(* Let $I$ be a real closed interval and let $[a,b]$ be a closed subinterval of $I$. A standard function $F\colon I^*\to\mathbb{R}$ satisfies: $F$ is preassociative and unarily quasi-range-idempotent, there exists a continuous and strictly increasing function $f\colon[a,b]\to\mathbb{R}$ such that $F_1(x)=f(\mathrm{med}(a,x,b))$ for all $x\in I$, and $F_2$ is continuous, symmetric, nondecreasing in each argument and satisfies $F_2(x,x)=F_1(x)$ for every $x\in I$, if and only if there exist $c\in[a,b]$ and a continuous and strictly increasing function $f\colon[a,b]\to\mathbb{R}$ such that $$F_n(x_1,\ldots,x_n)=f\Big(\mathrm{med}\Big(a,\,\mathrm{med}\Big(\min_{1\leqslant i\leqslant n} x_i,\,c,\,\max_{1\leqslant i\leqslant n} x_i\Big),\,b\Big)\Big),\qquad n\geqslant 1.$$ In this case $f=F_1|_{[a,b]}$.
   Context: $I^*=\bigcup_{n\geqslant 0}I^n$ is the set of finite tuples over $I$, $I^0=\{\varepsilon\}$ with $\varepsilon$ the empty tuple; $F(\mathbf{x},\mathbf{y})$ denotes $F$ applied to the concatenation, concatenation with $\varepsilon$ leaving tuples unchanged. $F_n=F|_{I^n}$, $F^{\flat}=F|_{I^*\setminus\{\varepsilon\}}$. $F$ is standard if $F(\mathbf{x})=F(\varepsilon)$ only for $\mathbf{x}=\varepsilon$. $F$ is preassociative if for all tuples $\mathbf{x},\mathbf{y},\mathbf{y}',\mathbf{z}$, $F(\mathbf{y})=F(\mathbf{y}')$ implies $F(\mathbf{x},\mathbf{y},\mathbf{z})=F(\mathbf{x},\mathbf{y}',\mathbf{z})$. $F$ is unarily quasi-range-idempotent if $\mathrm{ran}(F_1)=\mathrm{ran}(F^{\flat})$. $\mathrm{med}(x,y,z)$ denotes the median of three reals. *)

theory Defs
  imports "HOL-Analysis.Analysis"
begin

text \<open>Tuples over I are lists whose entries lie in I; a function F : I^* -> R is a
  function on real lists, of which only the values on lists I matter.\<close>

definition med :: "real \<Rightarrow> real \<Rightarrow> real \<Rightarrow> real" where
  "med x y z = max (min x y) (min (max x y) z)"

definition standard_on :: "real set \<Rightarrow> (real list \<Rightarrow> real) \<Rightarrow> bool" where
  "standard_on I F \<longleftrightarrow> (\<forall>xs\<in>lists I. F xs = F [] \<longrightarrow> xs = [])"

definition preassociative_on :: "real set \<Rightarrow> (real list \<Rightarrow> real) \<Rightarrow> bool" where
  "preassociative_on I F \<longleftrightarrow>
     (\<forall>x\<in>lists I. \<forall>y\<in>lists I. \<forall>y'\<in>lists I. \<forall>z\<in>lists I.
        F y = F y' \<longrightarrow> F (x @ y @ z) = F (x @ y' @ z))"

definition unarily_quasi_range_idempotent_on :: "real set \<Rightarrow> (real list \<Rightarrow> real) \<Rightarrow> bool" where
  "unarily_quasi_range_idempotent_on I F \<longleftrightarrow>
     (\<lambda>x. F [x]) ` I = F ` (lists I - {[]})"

== == ==

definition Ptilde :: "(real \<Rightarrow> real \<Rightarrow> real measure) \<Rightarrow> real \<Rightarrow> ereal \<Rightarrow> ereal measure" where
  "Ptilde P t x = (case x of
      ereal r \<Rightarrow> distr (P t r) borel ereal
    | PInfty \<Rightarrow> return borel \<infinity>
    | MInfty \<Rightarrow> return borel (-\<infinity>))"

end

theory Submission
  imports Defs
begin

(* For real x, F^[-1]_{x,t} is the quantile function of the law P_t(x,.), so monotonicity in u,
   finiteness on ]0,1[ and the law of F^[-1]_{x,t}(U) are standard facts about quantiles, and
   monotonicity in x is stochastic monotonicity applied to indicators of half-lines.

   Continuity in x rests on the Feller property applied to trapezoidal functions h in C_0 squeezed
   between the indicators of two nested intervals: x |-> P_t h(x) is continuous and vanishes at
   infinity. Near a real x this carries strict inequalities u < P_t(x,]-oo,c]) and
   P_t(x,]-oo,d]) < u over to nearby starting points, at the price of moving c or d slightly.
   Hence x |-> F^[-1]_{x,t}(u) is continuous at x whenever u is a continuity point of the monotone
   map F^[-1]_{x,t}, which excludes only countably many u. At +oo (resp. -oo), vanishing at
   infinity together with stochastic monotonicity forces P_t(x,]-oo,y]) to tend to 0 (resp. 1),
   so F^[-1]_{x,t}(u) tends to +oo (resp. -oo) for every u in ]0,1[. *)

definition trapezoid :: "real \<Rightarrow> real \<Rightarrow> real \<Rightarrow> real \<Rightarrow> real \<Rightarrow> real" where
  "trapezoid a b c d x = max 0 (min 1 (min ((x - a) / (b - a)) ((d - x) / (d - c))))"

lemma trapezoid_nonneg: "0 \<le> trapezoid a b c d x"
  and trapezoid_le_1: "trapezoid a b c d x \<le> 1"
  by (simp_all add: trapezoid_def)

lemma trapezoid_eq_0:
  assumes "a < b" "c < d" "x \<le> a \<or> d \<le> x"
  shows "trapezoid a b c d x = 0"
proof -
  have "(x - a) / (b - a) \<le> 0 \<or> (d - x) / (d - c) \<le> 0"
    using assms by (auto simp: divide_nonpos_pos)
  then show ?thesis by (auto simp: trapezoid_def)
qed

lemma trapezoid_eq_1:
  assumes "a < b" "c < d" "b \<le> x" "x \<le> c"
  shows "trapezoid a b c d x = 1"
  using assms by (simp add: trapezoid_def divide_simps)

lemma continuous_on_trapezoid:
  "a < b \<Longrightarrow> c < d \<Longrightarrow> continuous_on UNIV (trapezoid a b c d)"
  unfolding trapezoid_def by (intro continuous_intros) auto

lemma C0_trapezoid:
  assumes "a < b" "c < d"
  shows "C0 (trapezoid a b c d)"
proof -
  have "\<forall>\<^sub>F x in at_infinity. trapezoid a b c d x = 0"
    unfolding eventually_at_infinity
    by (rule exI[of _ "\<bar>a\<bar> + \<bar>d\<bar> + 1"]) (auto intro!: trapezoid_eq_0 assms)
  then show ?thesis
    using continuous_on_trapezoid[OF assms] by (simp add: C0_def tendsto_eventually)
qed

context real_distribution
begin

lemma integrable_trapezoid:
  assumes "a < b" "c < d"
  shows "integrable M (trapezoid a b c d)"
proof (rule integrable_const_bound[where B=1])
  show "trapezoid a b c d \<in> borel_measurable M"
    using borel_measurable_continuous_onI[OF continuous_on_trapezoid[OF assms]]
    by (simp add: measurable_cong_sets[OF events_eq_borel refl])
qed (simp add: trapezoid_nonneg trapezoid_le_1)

== == ==

- _What is expected_
Beginning at the line above that contains "theory Submission", return each line exactly through the line that contains "(min 1 (min", and no others.

- _Answer section_
theory Submission
  imports Defs
begin

(* For real x, F^[-1]_{x,t} is the quantile function of the law P_t(x,.), so monotonicity in u,
   finiteness on ]0,1[ and the law of F^[-1]_{x,t}(U) are standard facts about quantiles, and
   monotonicity in x is stochastic monotonicity applied to indicators of half-lines.

   Continuity in x rests on the Feller property applied to trapezoidal functions h in C_0 squeezed
   between the indicators of two nested intervals: x |-> P_t h(x) is continuous and vanishes at
   infinity. Near a real x this carries strict inequalities u < P_t(x,]-oo,c]) and
   P_t(x,]-oo,d]) < u over to nearby starting points, at the price of moving c or d slightly.
   Hence x |-> F^[-1]_{x,t}(u) is continuous at x whenever u is a continuity point of the monotone
   map F^[-1]_{x,t}, which excludes only countably many u. At +oo (resp. -oo), vanishing at
   infinity together with stochastic monotonicity forces P_t(x,]-oo,y]) to tend to 0 (resp. 1),
   so F^[-1]_{x,t}(u) tends to +oo (resp. -oo) for every u in ]0,1[. *)

definition trapezoid :: "real \<Rightarrow> real \<Rightarrow> real \<Rightarrow> real \<Rightarrow> real \<Rightarrow> real" where
  "trapezoid a b c d x = max 0 (min 1 (min ((x - a) / (b - a)) ((d - x) / (d - c))))"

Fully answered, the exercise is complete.